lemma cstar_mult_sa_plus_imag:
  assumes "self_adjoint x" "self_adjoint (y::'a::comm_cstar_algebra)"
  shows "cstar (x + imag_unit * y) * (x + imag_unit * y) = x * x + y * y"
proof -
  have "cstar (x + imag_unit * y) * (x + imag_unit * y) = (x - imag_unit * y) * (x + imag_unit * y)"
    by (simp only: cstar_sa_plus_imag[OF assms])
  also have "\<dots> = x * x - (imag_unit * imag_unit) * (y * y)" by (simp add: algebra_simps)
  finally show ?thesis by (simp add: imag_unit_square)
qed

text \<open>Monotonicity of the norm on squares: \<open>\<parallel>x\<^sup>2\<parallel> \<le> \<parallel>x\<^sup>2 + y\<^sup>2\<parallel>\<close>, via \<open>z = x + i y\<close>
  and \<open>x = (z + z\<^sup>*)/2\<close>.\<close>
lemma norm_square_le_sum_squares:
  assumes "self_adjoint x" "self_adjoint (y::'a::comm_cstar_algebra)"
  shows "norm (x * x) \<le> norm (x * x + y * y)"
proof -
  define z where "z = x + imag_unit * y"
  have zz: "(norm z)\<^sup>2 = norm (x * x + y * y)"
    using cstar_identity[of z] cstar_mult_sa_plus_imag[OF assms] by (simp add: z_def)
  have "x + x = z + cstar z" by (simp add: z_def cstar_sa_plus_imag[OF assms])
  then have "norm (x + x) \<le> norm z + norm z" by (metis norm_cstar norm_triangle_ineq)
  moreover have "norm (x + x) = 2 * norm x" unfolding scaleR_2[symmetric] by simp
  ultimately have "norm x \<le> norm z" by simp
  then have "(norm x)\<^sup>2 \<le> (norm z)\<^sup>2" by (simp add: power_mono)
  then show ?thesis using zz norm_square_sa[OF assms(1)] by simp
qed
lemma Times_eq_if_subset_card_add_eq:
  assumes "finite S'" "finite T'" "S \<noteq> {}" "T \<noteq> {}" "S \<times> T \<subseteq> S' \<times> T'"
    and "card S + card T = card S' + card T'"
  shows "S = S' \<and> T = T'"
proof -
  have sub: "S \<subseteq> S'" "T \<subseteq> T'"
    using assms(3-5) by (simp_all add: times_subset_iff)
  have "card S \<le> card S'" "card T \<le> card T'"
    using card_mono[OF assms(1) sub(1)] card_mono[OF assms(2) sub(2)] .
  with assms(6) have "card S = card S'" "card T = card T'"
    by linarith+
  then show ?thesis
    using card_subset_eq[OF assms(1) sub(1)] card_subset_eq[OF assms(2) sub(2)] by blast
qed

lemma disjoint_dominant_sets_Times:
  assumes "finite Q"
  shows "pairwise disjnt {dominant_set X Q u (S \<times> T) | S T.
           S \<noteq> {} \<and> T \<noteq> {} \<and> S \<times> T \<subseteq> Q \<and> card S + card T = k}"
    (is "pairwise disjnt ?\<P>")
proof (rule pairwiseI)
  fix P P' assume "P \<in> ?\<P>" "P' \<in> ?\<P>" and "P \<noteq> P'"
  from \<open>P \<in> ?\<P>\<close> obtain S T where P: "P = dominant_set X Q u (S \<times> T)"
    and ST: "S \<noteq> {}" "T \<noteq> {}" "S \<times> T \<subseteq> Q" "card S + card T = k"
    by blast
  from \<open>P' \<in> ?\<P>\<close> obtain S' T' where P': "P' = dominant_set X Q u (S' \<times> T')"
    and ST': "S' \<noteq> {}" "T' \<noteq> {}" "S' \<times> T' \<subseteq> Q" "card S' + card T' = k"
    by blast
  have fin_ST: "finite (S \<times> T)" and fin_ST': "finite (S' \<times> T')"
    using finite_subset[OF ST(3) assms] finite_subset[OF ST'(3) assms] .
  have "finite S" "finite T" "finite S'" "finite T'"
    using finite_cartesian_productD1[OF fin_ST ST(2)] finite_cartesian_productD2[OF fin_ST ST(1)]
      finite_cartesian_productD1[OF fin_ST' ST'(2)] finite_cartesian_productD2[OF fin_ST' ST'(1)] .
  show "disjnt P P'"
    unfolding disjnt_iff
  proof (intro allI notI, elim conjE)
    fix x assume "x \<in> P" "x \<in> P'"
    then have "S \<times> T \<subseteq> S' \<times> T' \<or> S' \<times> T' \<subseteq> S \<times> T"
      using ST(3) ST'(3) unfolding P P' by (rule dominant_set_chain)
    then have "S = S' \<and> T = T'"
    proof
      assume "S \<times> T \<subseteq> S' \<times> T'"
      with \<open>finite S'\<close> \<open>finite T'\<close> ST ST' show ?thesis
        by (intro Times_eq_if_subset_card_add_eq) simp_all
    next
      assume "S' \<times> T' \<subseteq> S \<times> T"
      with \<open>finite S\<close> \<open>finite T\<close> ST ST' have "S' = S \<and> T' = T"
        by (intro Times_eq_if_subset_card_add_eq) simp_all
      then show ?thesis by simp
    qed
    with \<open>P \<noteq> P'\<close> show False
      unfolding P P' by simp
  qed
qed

::::::::

#### WHAT TO PRODUCE
Your answer must be the complete listing, reproduced exactly.

#### RESULT
lemma cstar_mult_sa_plus_imag:
  assumes "self_adjoint x" "self_adjoint (y::'a::comm_cstar_algebra)"
  shows "cstar (x + imag_unit * y) * (x + imag_unit * y) = x * x + y * y"
proof -
  have "cstar (x + imag_unit * y) * (x + imag_unit * y) = (x - imag_unit * y) * (x + imag_unit * y)"
    by (simp only: cstar_sa_plus_imag[OF assms])
  also have "\<dots> = x * x - (imag_unit * imag_unit) * (y * y)" by (simp add: algebra_simps)
  finally show ?thesis by (simp add: imag_unit_square)
qed

text \<open>Monotonicity of the norm on squares: \<open>\<parallel>x\<^sup>2\<parallel> \<le> \<parallel>x\<^sup>2 + y\<^sup>2\<parallel>\<close>, via \<open>z = x + i y\<close>
  and \<open>x = (z + z\<^sup>*)/2\<close>.\<close>
lemma norm_square_le_sum_squares:
  assumes "self_adjoint x" "self_adjoint (y::'a::comm_cstar_algebra)"
  shows "norm (x * x) \<le> norm (x * x + y * y)"
proof -
  define z where "z = x + imag_unit * y"
  have zz: "(norm z)\<^sup>2 = norm (x * x + y * y)"
    using cstar_identity[of z] cstar_mult_sa_plus_imag[OF assms] by (simp add: z_def)
  have "x + x = z + cstar z" by (simp add: z_def cstar_sa_plus_imag[OF assms])
  then have "norm (x + x) \<le> norm z + norm z" by (metis norm_cstar norm_triangle_ineq)
  moreover have "norm (x + x) = 2 * norm x" unfolding scaleR_2[symmetric] by simp
  ultimately have "norm x \<le> norm z" by simp
  then have "(norm x)\<^sup>2 \<le> (norm z)\<^sup>2" by (simp add: power_mono)
  then show ?thesis using zz norm_square_sa[OF assms(1)] by simp
qed
lemma Times_eq_if_subset_card_add_eq:
  assumes "finite S'" "finite T'" "S \<noteq> {}" "T \<noteq> {}" "S \<times> T \<subseteq> S' \<times> T'"
    and "card S + card T = card S' + card T'"
  shows "S = S' \<and> T = T'"
proof -
  have sub: "S \<subseteq> S'" "T \<subseteq> T'"
    using assms(3-5) by (simp_all add: times_subset_iff)
  have "card S \<le> card S'" "card T \<le> card T'"
    using card_mono[OF assms(1) sub(1)] card_mono[OF assms(2) sub(2)] .
  with assms(6) have "card S = card S'" "card T = card T'"
    by linarith+
  then show ?thesis
    using card_subset_eq[OF assms(1) sub(1)] card_subset_eq[OF assms(2) sub(2)] by blast
qed

lemma disjoint_dominant_sets_Times:
  assumes "finite Q"
  shows "pairwise disjnt {dominant_set X Q u (S \<times> T) | S T.
           S \<noteq> {} \<and> T \<noteq> {} \<and> S \<times> T \<subseteq> Q \<and> card S + card T = k}"
    (is "pairwise disjnt ?\<P>")
proof (rule pairwiseI)
  fix P P' assume "P \<in> ?\<P>" "P' \<in> ?\<P>" and "P \<noteq> P'"
  from \<open>P \<in> ?\<P>\<close> obtain S T where P: "P = dominant_set X Q u (S \<times> T)"
    and ST: "S \<noteq> {}" "T \<noteq> {}" "S \<times> T \<subseteq> Q" "card S + card T = k"
    by blast
  from \<open>P' \<in> ?\<P>\<close> obtain S' T' where P': "P' = dominant_set X Q u (S' \<times> T')"
    and ST': "S' \<noteq> {}" "T' \<noteq> {}" "S' \<times> T' \<subseteq> Q" "card S' + card T' = k"
    by blast
  have fin_ST: "finite (S \<times> T)" and fin_ST': "finite (S' \<times> T')"
    using finite_subset[OF ST(3) assms] finite_subset[OF ST'(3) assms] .
  have "finite S" "finite T" "finite S'" "finite T'"
    using finite_cartesian_productD1[OF fin_ST ST(2)] finite_cartesian_productD2[OF fin_ST ST(1)]
      finite_cartesian_productD1[OF fin_ST' ST'(2)] finite_cartesian_productD2[OF fin_ST' ST'(1)] .
  show "disjnt P P'"
    unfolding disjnt_iff
  proof (intro allI notI, elim conjE)
    fix x assume "x \<in> P" "x \<in> P'"
    then have "S \<times> T \<subseteq> S' \<times> T' \<or> S' \<times> T' \<subseteq> S \<times> T"
      using ST(3) ST'(3) unfolding P P' by (rule dominant_set_chain)
    then have "S = S' \<and> T = T'"
    proof
      assume "S \<times> T \<subseteq> S' \<times> T'"
      with \<open>finite S'\<close> \<open>finite T'\<close> ST ST' show ?thesis
        by (intro Times_eq_if_subset_card_add_eq) simp_all
    next
      assume "S' \<times> T' \<subseteq> S \<times> T"
      with \<open>finite S\<close> \<open>finite T\<close> ST ST' have "S' = S \<and> T' = T"
        by (intro Times_eq_if_subset_card_add_eq) simp_all
      then show ?thesis by simp
    qed
    with \<open>P \<noteq> P'\<close> show False
      unfolding P P' by simp
  qed
qed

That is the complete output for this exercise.